# Itouch 4G Lent/Meilleure version?



## Azerty83 (3 Août 2012)

Bonjour à tous!
Je possede un itouch derniere génération (4) que j'ai eu a Noël lors de sa sortie(2010). Mais depuis maintenant plusieurs mois,depuis que j'ai fait les mises a jours logiciels,il est EXTREMEMENT lent!
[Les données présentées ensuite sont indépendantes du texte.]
(* Let $(X,T)$ be a minimal topological dynamical system. Then $(X,T)$ is mean equicontinuous if and only if it is equicontinuous in the mean.
   Context: A t.d.s. $(X,T)$ consists of a compact metric space $(X,d)$ and a continuous map $T\colon X\to X$; it is minimal if every orbit $\{x,Tx,T^2x,\dots\}$ is dense in $X$. Let $\bar d_n(x,y)=\frac1n\sum_{i=0}^{n-1}d(T^ix,T^iy)$. $(X,T)$ is mean equicontinuous if for every $\varepsilon>0$ there is $\delta>0$ such that $d(x,y)<\delta$ implies $\limsup_{n\to\infty}\bar d_n(x,y)<\varepsilon$. $(X,T)$ is equicontinuous in the mean if for every $\varepsilon>0$ there is $\delta>0$ such that $d(x,y)<\delta$ implies $\bar d_n(x,y)<\varepsilon$ for every $n\in\mathbb{N}$. *)

theory Defs
  imports "HOL-Analysis.Analysis"
begin

definition tds :: "'a::metric_space set \<Rightarrow> ('a \<Rightarrow> 'a) \<Rightarrow> bool" where
  "tds X T \<longleftrightarrow> compact X \<and> continuous_on X T \<and> T ` X \<subseteq> X"

definition minimal_tds :: "'a::metric_space set \<Rightarrow> ('a \<Rightarrow> 'a) \<Rightarrow> bool" where
  "minimal_tds X T \<longleftrightarrow> tds X T \<and>
     (\<forall>x\<in>X. closure (range (\<lambda>n. (T ^^ n) x)) = X)"

definition dbar :: "('a::metric_space \<Rightarrow> 'a) \<Rightarrow> nat \<Rightarrow> 'a \<Rightarrow> 'a \<Rightarrow> real" where
  "dbar T n x y = (\<Sum>i<n. dist ((T ^^ i) x) ((T ^^ i) y)) / real n"

definition mean_equicontinuous :: "'a::metric_space set \<Rightarrow> ('a \<Rightarrow> 'a) \<Rightarrow> bool" where
  "mean_equicontinuous X T \<longleftrightarrow>
     (\<forall>\<epsilon>>0. \<exists>\<delta>>0. \<forall>x\<in>X. \<forall>y\<in>X. dist x y < \<delta> \<longrightarrow>
        limsup (\<lambda>n. ereal (dbar T n x y)) < ereal \<epsilon>)"

definition equicontinuous_in_mean :: "'a::metric_space set \<Rightarrow> ('a \<Rightarrow> 'a) \<Rightarrow> bool" where
  "equicontinuous_in_mean X T \<longleftrightarrow>
     (\<forall>\<epsilon>>0. \<exists>\<delta>>0. \<forall>x\<in>X. \<forall>y\<in>X. dist x y < \<delta> \<longrightarrow>
        (\<forall>n\<ge>1. dbar T n x y < \<epsilon>))"

end

theory Submission
  imports Defs
begin

text \<open>
  The limsup \<open>D(x, y)\<close> of the mean distances is \<open>T\<close>-invariant and, under mean
  equicontinuity, continuous, while each \<open>dbar T N\<close> is continuous. Hence every pair
  \<open>(x, y)\<close> has a time \<open>N \<le> M\<close> with \<open>dbar T N x y < D(x, y) + \<eta>\<close>, where \<open>M\<close> is uniform
  on the compact space \<open>X \<times> X\<close>. Cutting an orbit segment of length \<open>n\<close> into such blocks gives
  \<open>dbar T n x y \<le> D(x, y) + \<eta> + M diam X / n\<close>, which is uniformly small for close points
  and large \<open>n\<close>; the finitely many small \<open>n\<close> are handled by continuity of \<open>T\<close>.
\<close>

lemma sum_lessThan_add_nat:
  fixes f :: "nat \<Rightarrow> 'b::comm_monoid_add"
  shows "(\<Sum>i<a + b. f i) = (\<Sum>i<a. f i) + (\<Sum>i<b. f (i + a))"
  by (induction b) (simp_all add: add_ac)

lemma dbar_nonneg: "0 \<le> dbar T n x y"
  unfolding dbar_def by (simp add: sum_nonneg)

lemma sum_dist_iterates_eq_dbar: "(\<Sum>i<n. dist ((T ^^ i) x) ((T ^^ i) y)) = real n * dbar T n x y"
  unfolding dbar_def by simp

lemma dbar_triangle: "dbar T n x z \<le> dbar T n x y + dbar T n y z"
proof -
  have "(\<Sum>i<n. dist ((T ^^ i) x) ((T ^^ i) z))
      \<le> (\<Sum>i<n. dist ((T ^^ i) x) ((T ^^ i) y) + dist ((T ^^ i) y) ((T ^^ i) z))"
    by (rule sum_mono) (rule dist_triangle)
  then show ?thesis
    unfolding dbar_def sum.distrib add_divide_distrib[symmetric] by (simp add: divide_right_mono)
qed

lemma dbar_less:
  assumes "n \<ge> 1" "\<And>i. i < n \<Longrightarrow> dist ((T ^^ i) x) ((T ^^ i) y) < \<epsilon>"
  shows "dbar T n x y < \<epsilon>"
proof -
  have "(\<Sum>i<n. dist ((T ^^ i) x) ((T ^^ i) y)) < (\<Sum>i<n. \<epsilon>)"
    by (rule sum_strict_mono) (use assms in \<open>auto simp: lessThan_empty_iff\<close>)
  then show ?thesis
    using assms(1) unfolding dbar_def by (simp add: divide_less_eq mult.commute)
qed

lemma dbar_Suc:
  "dbar T (Suc n) x y = (dist x y + real n * dbar T n (T x) (T y)) / real (Suc n)"
proof -
  have "(\<Sum>i<Suc n. dist ((T ^^ i) x) ((T ^^ i) y))
      = dist x y + (\<Sum>i<n. dist ((T ^^ i) (T x)) ((T ^^ i) (T y)))"
    by (subst sum.lessThan_Suc_shift) (simp add: funpow_Suc_right del: funpow.simps)
  then show ?thesis
    unfolding dbar_def by simp
qed

lemma limsup_dbar_nonneg: "0 \<le> limsup (\<lambda>n. ereal (dbar T n x y))"
proof -
  have "0 \<le> liminf (\<lambda>n. ereal (dbar T n x y))"
    by (rule Liminf_bounded) (simp add: dbar_nonneg)
  also have "\<dots> \<le> limsup (\<lambda>n. ereal (dbar T n x y))"
    by (rule Liminf_le_Limsup) simp
  finally show ?thesis .
qed

lemma equicontinuous_in_mean_imp_mean_equicontinuous:
  assumes "equicontinuous_in_mean X T"
  shows "mean_equicontinuous X T"
  unfolding mean_equicontinuous_def
proof (intro allI impI)
  fix \<epsilon> :: real assume "\<epsilon> > 0"
  then obtain \<delta> where "\<delta> > 0" and \<delta>: "\<forall>x\<in>X. \<forall>y\<in>X. dist x y < \<delta> \<longrightarrow> (\<forall>n\<ge>1. dbar T n x y < \<epsilon>/2)"
    using assms unfolding equicontinuous_in_mean_def by (meson half_gt_zero)
  have "limsup (\<lambda>n. ereal (dbar T n x y)) < ereal \<epsilon>"
    if "x \<in> X" "y \<in> X" "dist x y < \<delta>" for x y
  proof -
    have "limsup (\<lambda>n. ereal (dbar T n x y)) \<le> ereal (\<epsilon>/2)"
      by (rule Limsup_bounded)
        (use \<delta> that in \<open>auto simp: eventually_sequentially intro!: exI[of _ 1] less_imp_le\<close>)
    also have "\<dots> < ereal \<epsilon>" using \<open>\<epsilon> > 0\<close> by simp
    finally show ?thesis .
  qed
  with \<open>\<delta> > 0\<close> show "\<exists>\<delta>>0. \<forall>x\<in>X. \<forall>y\<in>X. dist x y < \<delta> \<longrightarrow>
      limsup (\<lambda>n. ereal (dbar T n x y)) < ereal \<epsilon>" by blast
qed
section \<open>Averages along a set of integers\<close>

lemma limsup_le_of_eventually_le_mult_add:
  fixes L R a e :: "nat \<Rightarrow> real"
  assumes a: "a \<longlonglongrightarrow> 1" and e: "e \<longlonglongrightarrow> 0"
    and ev: "eventually (\<lambda>N. L N \<le> a N * R N + e N) sequentially"
  shows "limsup (\<lambda>N. ereal (L N)) \<le> limsup (\<lambda>N. ereal (R N))"
proof -
  have "limsup (\<lambda>N. ereal (L N)) \<le> limsup (\<lambda>N. ereal (e N) + ereal (a N) * ereal (R N))"
    using ev by (intro Limsup_mono) (auto elim!: eventually_mono simp: add.commute)
  also have "\<dots> = 0 + limsup (\<lambda>N. ereal (a N) * ereal (R N))"
    using tendsto_ereal[OF e] by (intro ereal_limsup_lim_add) (simp_all add: zero_ereal_def)
  also have "limsup (\<lambda>N. ereal (a N) * ereal (R N)) = 1 * limsup (\<lambda>N. ereal (R N))"
    using tendsto_ereal[OF a] by (intro ereal_limsup_lim_mult) (simp_all add: one_ereal_def)
  finally show ?thesis by simp
qed

lemma tendsto_ratio_1_of_bounded_diff:
  fixes X Y :: "nat \<Rightarrow> real"
  assumes X: "filterlim X at_top sequentially"
    and bdd: "eventually (\<lambda>N. \<bar>Y N - X N\<bar> \<le> C) sequentially"
  shows "(\<lambda>N. Y N / X N) \<longlonglongrightarrow> 1"
proof -
  have X_pos: "eventually (\<lambda>N. X N > 0) sequentially"
    using X by (simp add: filterlim_at_top_dense)
  have "(\<lambda>N. C / X N) \<longlonglongrightarrow> 0"
    by (rule tendsto_divide_0[OF tendsto_const filterlim_at_top_imp_at_infinity[OF X]])
  moreover have "eventually (\<lambda>N. norm ((Y N - X N) / X N) \<le> norm (C / X N) * 1) sequentially"
    using bdd X_pos
  proof eventually_elim
    case (elim N)
    then show ?case by (simp add: abs_divide divide_right_mono)
  qed
  ultimately have "(\<lambda>N. (Y N - X N) / X N) \<longlonglongrightarrow> 0"
    by (rule tendsto_0_le)
  then have "(\<lambda>N. 1 + (Y N - X N) / X N) \<longlonglongrightarrow> 1 + 0"
    by (intro tendsto_add tendsto_const)
  moreover have "eventually (\<lambda>N. 1 + (Y N - X N) / X N = Y N / X N) sequentially"
    using X_pos by eventually_elim (simp add: field_simps)
  ultimately show ?thesis by (simp add: Lim_transform_eventually)
qed

lemma tendsto_ratio_1_of_bounded_diffs:
  fixes X Y Z :: "nat \<Rightarrow> real"
  assumes X: "filterlim X at_top sequentially"
    and Y: "eventually (\<lambda>N. \<bar>Y N - X N\<bar> \<le> C1) sequentially"
    and Z: "eventually (\<lambda>N. \<bar>Z N - X N\<bar> \<le> C2) sequentially"
  shows "(\<lambda>N. Z N / Y N) \<longlonglongrightarrow> 1"
proof -
  have "(\<lambda>N. (Z N / X N) / (Y N / X N)) \<longlonglongrightarrow> 1 / 1"
    by (intro tendsto_divide tendsto_ratio_1_of_bounded_diff[OF X Z] tendsto_ratio_1_of_bounded_diff[OF X Y]) simp
  moreover have "eventually (\<lambda>N. X N > 0) sequentially"
    using X by (simp add: filterlim_at_top_dense)
  then have "eventually (\<lambda>N. (Z N / X N) / (Y N / X N) = Z N / Y N) sequentially"
    by eventually_elim simp
  ultimately show ?thesis by (simp add: Lim_transform_eventually)
qed

lemma L2norm_subset_average_le:
  fixes f :: "nat \<Rightarrow> 'a \<Rightarrow> complex" and A :: "nat set" and v s :: "nat \<Rightarrow> real" and D :: real
  assumes f: "\<And>n. square_integrable M (f n)" and f1: "\<And>n. L2norm M (f n) \<le> 1"
    and g: "square_integrable M g"
    and K_pos: "card (A \<inter> {1..N}) > 0" and V_pos: "(\<Sum>n=1..N. v n) > 0" and D_pos: "D > 0"
  defines "K \<equiv> real (card (A \<inter> {1..N}))" and "V \<equiv> \<Sum>n=1..N. v n"
  shows "L2norm M (\<lambda>x. (\<Sum>n\<in>A \<inter> {1..N}. f n x) / of_nat (card (A \<inter> {1..N})) - g x)
    \<le> D / K * L2norm M (\<lambda>x. \<Sum>n=1..N. complex_of_real (s n / D) * f n x)
      + V / K * L2norm M (\<lambda>x. (\<Sum>n=1..N. complex_of_real (v n) * f n x) / complex_of_real V - g x)
      + \<bar>V / K - 1\<bar> * L2norm M g + (\<Sum>n=1..N. \<bar>indicator A n - v n - s n\<bar>) / K"
proof -
  define S where "S x = (\<Sum>n=1..N. complex_of_real (s n / D) * f n x)" for x
  define W where "W x = (\<Sum>n=1..N. complex_of_real (v n) * f n x) / complex_of_real V - g x" for x
  define R where "R x = (\<Sum>n=1..N. complex_of_real (indicator A n - v n - s n) * f n x)" for x
  have sq: "square_integrable M S" "square_integrable M W" "square_integrable M R"
    unfolding S_def W_def R_def using f g
    by (auto intro!: square_integrable_sum square_integrable_cmult square_integrable_diff
        simp: divide_inverse mult.commute[of _ "inverse _"])
  have KVD: "K > 0" "V > 0" "complex_of_real K \<noteq> 0" "complex_of_real V \<noteq> 0" "complex_of_real D \<noteq> 0"
    using K_pos V_pos D_pos by (simp_all add: K_def V_def card_gt_0_iff del: of_real_sum)
  have split: "(\<Sum>n\<in>A \<inter> {1..N}. f n x) / of_nat (card (A \<inter> {1..N})) - g x
      = complex_of_real (D / K) * S x + complex_of_real (V / K) * W x
        + complex_of_real (V / K - 1) * g x + complex_of_real (1 / K) * R x" for x
  proof -
    have "(\<Sum>n\<in>A \<inter> {1..N}. f n x) = (\<Sum>n\<in>{1..N} \<inter> A. f n x)"
      by (simp only: Int_commute)
    also have "\<dots> = (\<Sum>n=1..N. complex_of_real (indicator A n) * f n x)"
      by (subst sum.inter_restrict) (auto intro!: sum.cong simp: indicator_def)
    also have "\<dots> = (\<Sum>n=1..N. complex_of_real (v n) * f n x) + complex_of_real D * S x + R x"
      using KVD by (simp add: S_def R_def sum.distrib[symmetric] sum_distrib_left algebra_simps)
    finally show ?thesis
      using KVD by (simp add: W_def K_def field_simps)
  qed
  have "L2norm M (\<lambda>x. (\<Sum>n\<in>A \<inter> {1..N}. f n x) / of_nat (card (A \<inter> {1..N})) - g x)
    \<le> L2norm M (\<lambda>x. complex_of_real (D / K) * S x) + L2norm M (\<lambda>x. complex_of_real (V / K) * W x)
      + L2norm M (\<lambda>x. complex_of_real (V / K - 1) * g x) + L2norm M (\<lambda>x. complex_of_real (1 / K) * R x)"
    unfolding split using sq g
    by (intro order_trans[OF L2norm_triangle] add_mono order_refl square_integrable_add
        square_integrable_cmult) auto
  also have "L2norm M R \<le> (\<Sum>n=1..N. \<bar>indicator A n - v n - s n\<bar>)"
  proof -
    have "L2norm M R \<le> (\<Sum>n=1..N. \<bar>indicator A n - v n - s n\<bar> * L2norm M (f n))"
      unfolding R_def using f
      by (intro order_trans[OF L2norm_sum_le] square_integrable_cmult) (simp_all add: L2norm_cmult del: of_real_diff)
    also have "\<dots> \<le> (\<Sum>n=1..N. \<bar>indicator A n - v n - s n\<bar>)"
      using f1 by (intro sum_mono) (simp add: mult_left_le)
    finally show ?thesis .
  qed
  then have "L2norm M (\<lambda>x. complex_of_real (1 / K) * R x) \<le> (\<Sum>n=1..N. \<bar>indicator A n - v n - s n\<bar>) / K"
    using KVD by (simp only: L2norm_cmult norm_of_real) (simp add: divide_right_mono)
  finally show ?thesis
    using KVD D_pos by (simp only: L2norm_cmult norm_of_real S_def W_def) simp
qed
J'ai regardé sur internet et il me semble que je ne suis pas le seul.... je suis actuellement sous la version 5.1.1.... je voudrais savoir qu'elle est selon vous la meilleure version (j'aimerais downgrader sous la version de 2010 mais je ne sais plus laquelle) Merci


----------



## badmonkeyman (3 Août 2012)

Bonsoir, 

corrigez si je me trompe, mais il me semble qu'avec la mise à jour d'iTunes et d'iOS il est impossible de revenir à une version d'iOS antérieure..
À confirmer..

Amicalement, 
badmonkeyman


----------



## Lauange (3 Août 2012)

Hello

Effectivement, impossible de revenir en version inférieure sais si iPod jbk&#279; avec sauvegarde des shsh.


----------



## Azerty83 (3 Août 2012)

Serieux?! 
Donc je vais devoir me taper mon iTouch super lent jusqu'au bout... deg


----------



## badmonkeyman (3 Août 2012)

Eteignez le, enlevez tous les applications qui tournent en fond, ça ira peut -être mieux.


----------